Сквозь ставни пробивался сероватый свет. На день не похоже, подумал Децим. Встал с ложа. В углу что-то шевельнулось. Батав. Тиур. Сидит на полу, прислонившись спиной к закрытой двери. Не спит.

– Где Креон?

– Я здесь, – отозвался сгустившийся в углу сумрак.

– Уже вечер?

– Утро. Светает, – Креон не стал дожидаться недоуменных вопросов и пояснил: – Ты проспал почти сутки. Ты говорил, что гонец от Гальбы должен прибыть не позже полудня вчера, но его так и нет. Мы просто ждали. Не будили тебя.

– Мы?

– Я посоветовался с Коссом, – Креон выступил из темноты, толкнул ставни. Со скрипом они отворились. – Света достаточно. Дай взглянуть на руку.

Децим протянул ему замотанную кисть. Креон освободил ее от ткани, удовлетворенно крякнул.

– Уже лучше.

– Приятно слышать.

– Знаешь, Косс очень за тебя переживает.

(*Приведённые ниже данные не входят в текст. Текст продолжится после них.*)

(* Let $G$ be an $s$ clique-uniform graph of order $n$ with respect to a clique partition $F$ with $|F|=k$, and let $P_G$ be its clique partition graph. (i) If $k<n$, then $\mathcal E(P_G)\le\mathcal E(\mathcal Q_F)+\frac{2ks}{n}-2s$. (ii) If $k>n$, then $\mathcal E(P_G)\ge\mathcal E(\mathcal Q_F)+\frac{2ks}{n}-2s$. (iii) If $k=n$, then $\mathcal E(P_G)=\mathcal E(\mathcal Q_F)$.
   Context: All graphs are finite and simple, $V(G)=\{1,\dots,n\}$. A clique partition of $G$ is a set $F=\{C_1,\dots,C_k\}$ of cliques such that every edge lies in exactly one $C_j$; $G$ is $s$ clique-uniform if $|C_j|=s$ for all $j$. $\mathcal M_F$ is the $n\times k$ $(0,1)$-matrix with $(i,j)$-entry $1$ iff $i\in C_j$, and $\mathcal Q_F=\mathcal M_F\mathcal M_F^T$. The clique-degree $t_i^F$ is the number of cliques of $F$ containing $i$. $\mathcal E(\mathcal Q_F)=\sum_{i=1}^n|\lambda_i(\mathcal Q_F)-\bar t|$ with $\bar t=\frac1n\sum_i t_i^F$. The clique partition graph $P_G$ has vertex set $\{1,\dots,k\}$ with $i\ne j$ adjacent iff $C_i\cap C_j\ne\emptyset$, and $\mathcal E(P_G)$ is the sum of absolute values of its adjacency eigenvalues. *)

theory Defs
  imports "Jordan_Normal_Form.Char_Poly"
begin

definition simple_graph :: "nat \<Rightarrow> nat set set \<Rightarrow> bool" where
  "simple_graph n E \<longleftrightarrow> (\<forall>e\<in>E. \<exists>u v. e = {u, v} \<and> u \<noteq> v \<and> u < n \<and> v < n)"

definition is_clique :: "nat \<Rightarrow> nat set set \<Rightarrow> nat set \<Rightarrow> bool" where
  "is_clique n E C \<longleftrightarrow> C \<noteq> {} \<and> C \<subseteq> {0..<n} \<and> (\<forall>u\<in>C. \<forall>v\<in>C. u \<noteq> v \<longrightarrow> {u, v} \<in> E)"

definition clique_partition :: "nat \<Rightarrow> nat set set \<Rightarrow> nat set list \<Rightarrow> bool" where
  "clique_partition n E F \<longleftrightarrow> distinct F \<and> (\<forall>C\<in>set F. is_clique n E C) \<and>
     (\<forall>e\<in>E. \<exists>!j. j < length F \<and> e \<subseteq> F ! j)"

definition clique_uniform :: "nat \<Rightarrow> nat set list \<Rightarrow> bool" where
  "clique_uniform s F \<longleftrightarrow> (\<forall>C\<in>set F. card C = s)"

definition incidence_mat :: "nat \<Rightarrow> nat set list \<Rightarrow> real mat" where
  "incidence_mat n F = mat n (length F) (\<lambda>(i, j). if i \<in> F ! j then 1 else 0)"

definition Q_mat :: "nat \<Rightarrow> nat set list \<Rightarrow> real mat" where
  "Q_mat n F = incidence_mat n F * (incidence_mat n F)\<^sup>T"

definition clique_degree :: "nat set list \<Rightarrow> nat \<Rightarrow> nat" where
  "clique_degree F i = card {j. j < length F \<and> i \<in> F ! j}"

definition avg_clique_degree :: "nat \<Rightarrow> nat set list \<Rightarrow> real" where
  "avg_clique_degree n F = (\<Sum>i<n. real (clique_degree F i)) / real n"

definition clique_partition_graph_adj :: "nat set list \<Rightarrow> real mat" where
  "clique_partition_graph_adj F = mat (length F) (length F)
     (\<lambda>(i, j). if i \<noteq> j \<and> F ! i \<inter> F ! j \<noteq> {} then 1 else 0)"

definition shifted_energy :: "real mat \<Rightarrow> real \<Rightarrow> real" where
  "shifted_energy A c =
     (let p = char_poly (map_mat complex_of_real A) in
      \<Sum>z\<in>{z. poly p z = 0}. real (order z p) * cmod (z - complex_of_real c))"

definition graph_energy :: "real mat \<Rightarrow> real" where
  "graph_energy A = shifted_energy A 0"

definition Q_energy :: "nat \<Rightarrow> nat set list \<Rightarrow> real" where
  "Q_energy n F = shifted_energy (Q_mat n F) (avg_clique_degree n F)"

end

theory Submission
  imports Defs "Jordan_Normal_Form.Schur_Decomposition"
begin

(* Let M be the vertex-clique incidence matrix, so that Q_F = M M^T. Two cliques of a clique
   partition share at most one vertex, hence M^T M = s I + A with A the adjacency matrix of P_G.
   Sylvester's identity x^k det (x I - M M^T) = x^n det (x I - M^T M) then says that the spectrum
   of Q_F padded with k zeros is the spectrum of A shifted by s and padded with n zeros. Taking
   traces, the eigenvalues of A sum to 0 and those of Q_F to k s = n t, where t is the average
   clique-degree. Both energies are sums of |lambda - c| over these spectra, and raising the centre
   c by d >= 0 increases such a sum of m terms by at most (m - 2) d as soon as some lambda lies above
   the new centre; a largest eigenvalue does, because it is at least the mean. *)

lemma sum_mset_image_multiplicity:
  "(\<Sum>x\<in>#M. f x) = (\<Sum>x\<in>set_mset M. of_nat (count M x) * f x)"
proof (induction M)
  case empty
  then show ?case by simp
next
  case (add x M)
  have "(\<Sum>y\<in>set_mset (add_mset x M). of_nat (count (add_mset x M) y) * f y)
      = (\<Sum>y\<in>insert x (set_mset M). of_nat (count M y) * f y + (if y = x then f y else 0))"
    by (intro sum.cong) (auto simp: algebra_simps)
  also have "\<dots> = (\<Sum>y\<in>insert x (set_mset M). of_nat (count M y) * f y) + f x"
    by (simp add: sum.distrib)
  also have "(\<Sum>y\<in>insert x (set_mset M). of_nat (count M y) * f y) = (\<Sum>y\<in>set_mset M. of_nat (count M y) * f y)"
    by (simp add: sum.insert_if not_in_iff)
  finally show ?case using add by (simp add: add.commute)
qed

lemma sum_mset_abs_diff_le:
  fixes X :: "real multiset"
  assumes "x \<in># X" and "v \<le> u" and "u \<le> x"
  shows "(\<Sum>y\<in>#X. \<bar>y - u\<bar>) \<le> (\<Sum>y\<in>#X. \<bar>y - v\<bar>) + (real (size X) - 2) * (u - v)"
proof -
  obtain Y where X: "X = add_mset x Y" using assms(1) by (metis multi_member_split)
  have "(\<Sum>y\<in>#Y. \<bar>y - u\<bar>) \<le> (\<Sum>y\<in>#Y. \<bar>y - v\<bar> + (u - v))"
    by (rule sum_mset_mono) (use assms(2) in linarith)
  also have "\<dots> = (\<Sum>y\<in>#Y. \<bar>y - v\<bar>) + real (size Y) * (u - v)"
    by (simp add: sum_mset.distrib)
  finally show ?thesis
    using assms(2,3) by (simp add: X algebra_simps)
qed

lemma ex_mem_ge_mean:
  fixes X :: "real multiset"
  assumes "X \<noteq> {#}"
  obtains x where "x \<in># X" and "sum_mset X \<le> real (size X) * x"
proof
  show "Max_mset X \<in># X" using assms by simp
  have "sum_mset X \<le> (\<Sum>y\<in>#X. Max_mset X)"
    using sum_mset_mono[of X id "\<lambda>_. Max_mset X"] by simp
  then show "sum_mset X \<le> real (size X) * Max_mset X" by simp
qed

definition eigenvalues_mset :: "complex mat \<Rightarrow> complex multiset" where
  "eigenvalues_mset A = proots (char_poly A)"

lemma eigenvalues_mset_linear_factors:
  assumes "char_poly A = (\<Prod>a\<leftarrow>es. [:- a, 1:])"
  shows "eigenvalues_mset A = mset es"
  unfolding eigenvalues_mset_def assms
proof (induction es)
  case (Cons a es)
  have "(\<Prod>a\<leftarrow>es. [:- a, 1:]) \<noteq> (0 :: complex poly)"
    by auto
  then show ?case using Cons by (simp add: proots_mult del: mult_pCons_left)
qed simp

lemma size_eigenvalues_mset:
  assumes "A \<in> carrier_mat n n"
  shows "size (eigenvalues_mset A) = n"
  using char_poly_factorized[OF assms] by (auto simp: eigenvalues_mset_linear_factors)

lemma shifted_energy_eigenvalues_mset:
  assumes "A \<in> carrier_mat n n"
  shows "shifted_energy A c = (\<Sum>z\<in>#eigenvalues_mset (map_mat complex_of_real A). cmod (z - complex_of_real c))"
proof -
  let ?p = "char_poly (map_mat complex_of_real A)"
  have "?p \<noteq> 0"
    using degree_monic_char_poly[of "map_mat complex_of_real A" n] assms by auto
  then show ?thesis
    unfolding shifted_energy_def Let_def eigenvalues_mset_def sum_mset_image_multiplicity by simp
qed

lemma poly_char_poly:
  fixes A :: "'a::field mat"
  assumes "A \<in> carrier_mat n n"
  shows "poly (char_poly A) z = det (z \<cdot>\<^sub>m 1\<^sub>m n - A)"
  unfolding char_poly_matrix[OF assms]
  by (rule arg_cong[where f = det], rule eq_matI) (use assms in \<open>auto simp: char_matrix_def\<close>)

definition mat_trace :: "'a::comm_ring_1 mat \<Rightarrow> 'a" where
  "mat_trace A = (\<Sum>i<dim_row A. A $$ (i, i))"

Даже измыслил слова утешения – ну, если все-таки придется отрезать.

– Какие же?

– Да…. Вот у него как-то изящнее  получается, словом лучше моего владеет. Суть  в том, что женщины любят мужчин с легким увечьем. Разумеется, если оно получено в битве. Если уродом уродился, наоборот.

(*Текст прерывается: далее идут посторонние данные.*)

lemma pm_eval_pm_of: "pm_eval f (pm_of xs) = sum_list (map f xs)"
  by (induction xs)
    (auto simp: pm_of_def pm_eval_single pm_eval_add)

lemma linear_form_pm_of:
  "linear_form pm_scale \<phi> \<Longrightarrow> \<phi> (pm_of zs) = sum_list (map (\<lambda>z. \<phi> (Poly_Mapping.single z 1)) zs)"
  by (induction zs) (auto simp: pm_of_def linear_form_add linear_form_0)

lemma linear_form_separates_subspace:
  fixes s :: "'k::field \<Rightarrow> 'v::ab_group_add \<Rightarrow> 'v"
  assumes vs: "vector_space s" and W: "module.subspace s W" and d: "d \<notin> W"
  shows "\<exists>\<phi>. linear_form s \<phi> \<and> (\<forall>w\<in>W. \<phi> w = 0) \<and> \<phi> d = 1"
proof -
  interpret V: vector_space s by (rule vs)
  interpret VK: vector_space_pair s "(*) :: 'k \<Rightarrow> 'k \<Rightarrow> 'k"
    by (simp add: vector_space_pair_def vs) (simp add: vector_space_def algebra_simps)
  obtain B where B: "B \<subseteq> W" "V.independent B" "W \<subseteq> V.span B"
    using V.maximal_independent_subset by blast
  have "d \<notin> V.span B"
    using B(1) W d V.span_minimal by blast
  then have "V.independent (insert d B)"
    using B(2) V.independent_insertI by blast
  then obtain g where g: "Vector_Spaces.linear s (*) g" "\<forall>x\<in>insert d B. g x = (if x = d then 1 else 0)"
    using VK.linear_independent_extend[where f="\<lambda>x. if x = d then 1 else 0"] by blast
  have "g w = 0" if "w \<in> W" for w
  proof -
    have "\<And>x. x \<in> B \<Longrightarrow> g x = 0" using g(2) B(1) d by auto
    then show ?thesis using VK.linear_eq_0_on_span[OF g(1)] B(3) that by blast
  qed
  moreover have "linear_form s g"
    using g(1) by (simp add: linear_form_def Vector_Spaces.linear_iff)
  ultimately show ?thesis using g(2) by auto
qed

lemma eq_iff_linear_forms:
  fixes s :: "'k::field \<Rightarrow> 'v::ab_group_add \<Rightarrow> 'v"
  assumes "vector_space s"
  shows "x = y \<longleftrightarrow> (\<forall>\<phi>. linear_form s \<phi> \<longrightarrow> \<phi> x = \<phi> y)"
proof (intro iffI allI impI; (rule ccontr)?)
  assume H: "\<forall>\<phi>. linear_form s \<phi> \<longrightarrow> \<phi> x = \<phi> y" and "x \<noteq> y"
  moreover have "module.subspace s {0}"
    using assms by (simp add: module.subspace_single_0 module_iff_vector_space)
  ultimately obtain \<phi> where "linear_form s \<phi>" "\<phi> (x - y) = 1"
    using linear_form_separates_subspace[OF assms, of "{0}" "x - y"] by auto
  moreover have "\<phi> x = \<phi> y" using H \<open>linear_form s \<phi>\<close> by blast
  ultimately show False by (simp add: linear_form_diff)
qed simp

lemma pm_of_diff_mem_subspace_iff:
  assumes W: "module.subspace pm_scale W"
  shows "pm_of xs - pm_of ys \<in> W \<longleftrightarrow>
    (\<forall>f. (\<forall>w\<in>W. pm_eval f w = 0) \<longrightarrow> sum_list (map f xs) = sum_list (map f ys))"
proof (intro iffI allI impI)
  fix f assume "pm_of xs - pm_of ys \<in> W" "\<forall>w\<in>W. pm_eval f w = 0"
  then show "sum_list (map f xs) = sum_list (map f ys)"
    by (auto simp: linear_form_diff[OF linear_form_pm_eval] pm_eval_pm_of)
next
  assume H: "\<forall>f. (\<forall>w\<in>W. pm_eval f w = 0) \<longrightarrow> sum_list (map f xs) = sum_list (map f ys)"
  show "pm_of xs - pm_of ys \<in> W"
  proof (rule ccontr)
    assume "pm_of xs - pm_of ys \<notin> W"
    then obtain \<phi> where \<phi>: "linear_form pm_scale \<phi>" "\<forall>w\<in>W. \<phi> w = 0" "\<phi> (pm_of xs - pm_of ys) = 1"
      using linear_form_separates_subspace[OF vector_space_pm_scale W] by blast
    define f where "f z = \<phi> (Poly_Mapping.single z 1)" for z
    have "\<phi> w = pm_eval f w" for w
    proof -
      have single_scale: "Poly_Mapping.single z c = pm_scale c (Poly_Mapping.single z 1)" for z c
        by (rule poly_mapping_eqI) (simp add: lookup_pm_scale lookup_single when_def)
      have "w = (\<Sum>z\<in>Poly_Mapping.keys w. Poly_Mapping.single z (Poly_Mapping.lookup w z))"
        by (rule poly_mapping_eqI) (auto simp: lookup_sum lookup_single when_def in_keys_iff)
      then have "\<phi> w = (\<Sum>z\<in>Poly_Mapping.keys w. \<phi> (Poly_Mapping.single z (Poly_Mapping.lookup w z)))"
        by (metis linear_form_sum[OF \<phi>(1)])
      then show ?thesis
        by (simp only: single_scale[of _ "Poly_Mapping.lookup w _"] linear_form_scale[OF \<phi>(1)])
          (simp add: pm_eval_def f_def)
    qed
    then have "sum_list (map f xs) = sum_list (map f ys)"
      using H \<phi>(2) by simp
    then show False
      using \<phi>(3) by (simp add: linear_form_diff[OF \<phi>(1)] linear_form_pm_of[OF \<phi>(1)] f_def[symmetric])
  qed
qed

– Лучше без увечий, – отозвался Децим и переменил тему: – Креон, надо ехать к тем свевам, у которых вы видели нубийку.

– Ты сказал «к свевам», командир?

– Сказал. И что?

– Откуда ты узнал, что это свевы?

– Предположил, – поколебавшись, он рассказал батаву о старике-убии и его улове возле свевской деревни. – Проклятый Сервий, почему он тянет? Мы отправимся туда без его соизволения. Придется рискнуть. Иначе, боюсь, мы потеряем время. Уже потеряли!

Сборы были стремительными, с момента, как Децим открыл глаза и до времени, когда  конный отряд покинул Оппидум Убиорум, прошло менее часа. К трем сотням всадников присоединилась центурия Требия, лошадей для нее легат затребовал у Лициния, и тот, слишком слабый еще, чтобы проявить волю или хотя бы возмутиться, только махнул рукой.

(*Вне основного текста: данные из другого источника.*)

lemma odd_hom_poly_zero: "odd_hom_poly D (\<lambda>r u. 0)"
  unfolding odd_hom_poly_def by (rule exI[of _ "\<lambda>j. 0"]) simp

lemma odd_hom_poly_power: "odd d \<Longrightarrow> odd_hom_poly d (\<lambda>r u. u ^ d)"
proof -
  assume "odd d"
  then obtain k where k: "d = Suc (2 * k)" by (metis oddE Suc_eq_plus1)
  have "(\<Sum>j<d. (if j = k then 1 else 0) * r ^ (d - Suc (2 * j)) * u ^ Suc (2 * j))
      = (\<Sum>j<d. if j = k then u ^ d else 0)" for r u :: real
    by (rule sum.cong) (auto simp: k)
  moreover have "k < d" using k by simp
  ultimately have "(\<Sum>j<d. (if j = k then 1 else 0) * r ^ (d - Suc (2 * j)) * u ^ Suc (2 * j)) = u ^ d"
    for r u :: real by simp
  then show ?thesis unfolding odd_hom_poly_def
    by (intro exI[of _ "\<lambda>j. if j = k then 1 else 0"]) (auto simp: k)
qed

lemma odd_hom_poly_lincomb:
  assumes "odd_hom_poly D P" "odd_hom_poly D Q"
  shows "odd_hom_poly D (\<lambda>r u. a * P r u + b * Q r u)"
proof -
  obtain c where c: "\<forall>j. D < Suc (2 * j) \<longrightarrow> c j = 0"
    "\<forall>r u. P r u = (\<Sum>j<D. c j * r ^ (D - Suc (2 * j)) * u ^ Suc (2 * j))"
    using assms(1) unfolding odd_hom_poly_def by blast
  obtain d where d: "\<forall>j. D < Suc (2 * j) \<longrightarrow> d j = 0"
    "\<forall>r u. Q r u = (\<Sum>j<D. d j * r ^ (D - Suc (2 * j)) * u ^ Suc (2 * j))"
    using assms(2) unfolding odd_hom_poly_def by blast
  show ?thesis unfolding odd_hom_poly_def
    by (rule exI[of _ "\<lambda>j. a * c j + b * d j"])
      (simp add: c d sum.distrib sum_distrib_left algebra_simps)
qed

lemma odd_hom_poly_mult_power:
  assumes "odd_hom_poly D P"
  shows "odd_hom_poly (D + e) (\<lambda>r u. r ^ e * P r u)"
proof -
  obtain c where c: "\<And>j. D < Suc (2 * j) \<Longrightarrow> c j = 0"
    "\<And>r u. P r u = (\<Sum>j<D. c j * r ^ (D - Suc (2 * j)) * u ^ Suc (2 * j))"
    using assms unfolding odd_hom_poly_def by blast
  have "r ^ e * P r u = (\<Sum>j<D. c j * r ^ (D + e - Suc (2 * j)) * u ^ Suc (2 * j))" for r u
    unfolding c(2) sum_distrib_left
  proof (rule sum.cong[OF refl])
    fix j
    show "r ^ e * (c j * r ^ (D - Suc (2 * j)) * u ^ Suc (2 * j))
        = c j * r ^ (D + e - Suc (2 * j)) * u ^ Suc (2 * j)"
    proof (cases "D < Suc (2 * j)")
      case False
      then have "D + e - Suc (2 * j) = e + (D - Suc (2 * j))" by simp
      then show ?thesis by (simp add: power_add)
    qed (simp add: c(1))
  qed
  also have "\<dots> r u = (\<Sum>j<D + e. c j * r ^ (D + e - Suc (2 * j)) * u ^ Suc (2 * j))" for r u
    by (rule sum_lessThan_eq_zero_tail[where L=D]) (use c(1) in auto)
  finally show ?thesis
    unfolding odd_hom_poly_def using c(1) by (intro exI[of _ c]) auto
qed

lemma odd_hom_poly_scaled:
  fixes c :: "nat \<Rightarrow> real" and r u :: real
  assumes "\<forall>j. D < Suc (2 * j) \<longrightarrow> c j = 0" "r \<noteq> 0"
  shows "(\<Sum>j<D. c j * r ^ (D - Suc (2 * j)) * u ^ Suc (2 * j)) = r ^ D * (\<Sum>j<D. c j * (u / r) ^ Suc (2 * j))"
proof -
  have "(\<Sum>j<D. c j * r ^ (D - Suc (2 * j)) * u ^ Suc (2 * j)) = (\<Sum>j<D. r ^ D * (c j * (u / r) ^ Suc (2 * j)))"
  proof (rule sum.cong[OF refl])
    fix j
    show "c j * r ^ (D - Suc (2 * j)) * u ^ Suc (2 * j) = r ^ D * (c j * (u / r) ^ Suc (2 * j))"
    proof (cases "D < Suc (2 * j)")
      case False
      then have "r ^ (D - Suc (2 * j)) = r ^ D / r ^ Suc (2 * j)"
        using assms(2) by (simp add: power_diff not_less del: power_Suc)
      then show ?thesis by (simp add: power_divide del: power_Suc)
    qed (simp add: assms(1))
  qed
  then show ?thesis by (simp add: sum_distrib_left)
qed

lemma continuous_on_odd_hom_poly: "odd_hom_poly D Q \<Longrightarrow> continuous_on S (Q r)"
  unfolding odd_hom_poly_def by (auto intro!: continuous_intros simp: fun_eq_iff[symmetric])

definition kernel_repr :: "nat \<Rightarrow> nat \<Rightarrow> (nat \<Rightarrow> real \<Rightarrow> real \<Rightarrow> real) \<Rightarrow>
    ((real \<times> real \<Rightarrow> real) \<Rightarrow> real \<Rightarrow> real \<Rightarrow> real) \<Rightarrow> bool" where
  "kernel_repr D N Q \<Phi> \<longleftrightarrow> (\<forall>i. odd_hom_poly (D + i) (Q i)) \<and>
     (\<forall>i r u. N < i \<or> odd (N + i) \<longrightarrow> Q i r u = 0) \<and>
     (\<forall>g p r. smooth2 g \<longrightarrow> 0 \<le> r \<longrightarrow>
        \<Phi> g p r = integral {0..r} (\<lambda>u. \<Sum>i\<le>N. Q i r u * Mf ((pdx ^^ i) g) p u))"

Непривычные к верховой езде, легионеры тряслись в седлах, судорожно сжимая коленями широкие конские бока. Ауксиларии посмеивались над неуклюжими римлянами и – явно назло – то и дело являли им свое мастерство: вскакивали на седло и пускали лошадей галопом, Карса даже пританцовывал, стоя на спине несущейся кобылы.

Требий на сака поглядывал с неодобрением и беззвучно шевелил губами.

– Просишь Марса покарать паршивца? – осведомился Косс, и Эмилий засмеялся. Преторианец выглядел счастливым, на молодого Севера смотрел с обожанием преданного пса, да и тот, казалось, был рад снова видеть товарища.

– Нашел, чем бахвалиться! – буркнул Требий. – Еще бы  задницу голую показал…!

На беду центуриона, Карса именно в этот миг пронесся мимо и неосторожные слова слышал. Сделав еще один круг, он, поравнявшись с лошадью Требия, вскочил на спину своей кобылы, нагнулся к ее гриве и, задрав тунику, спустил холщовые штаны и покрутил тощим задом почти у носа центуриона. Лошадь Требия дернулась, встала на дыбы, и центурион упал бы, но Косс поддержал его за плечо.

– Командир, что за разброд?! – крикнул он легату.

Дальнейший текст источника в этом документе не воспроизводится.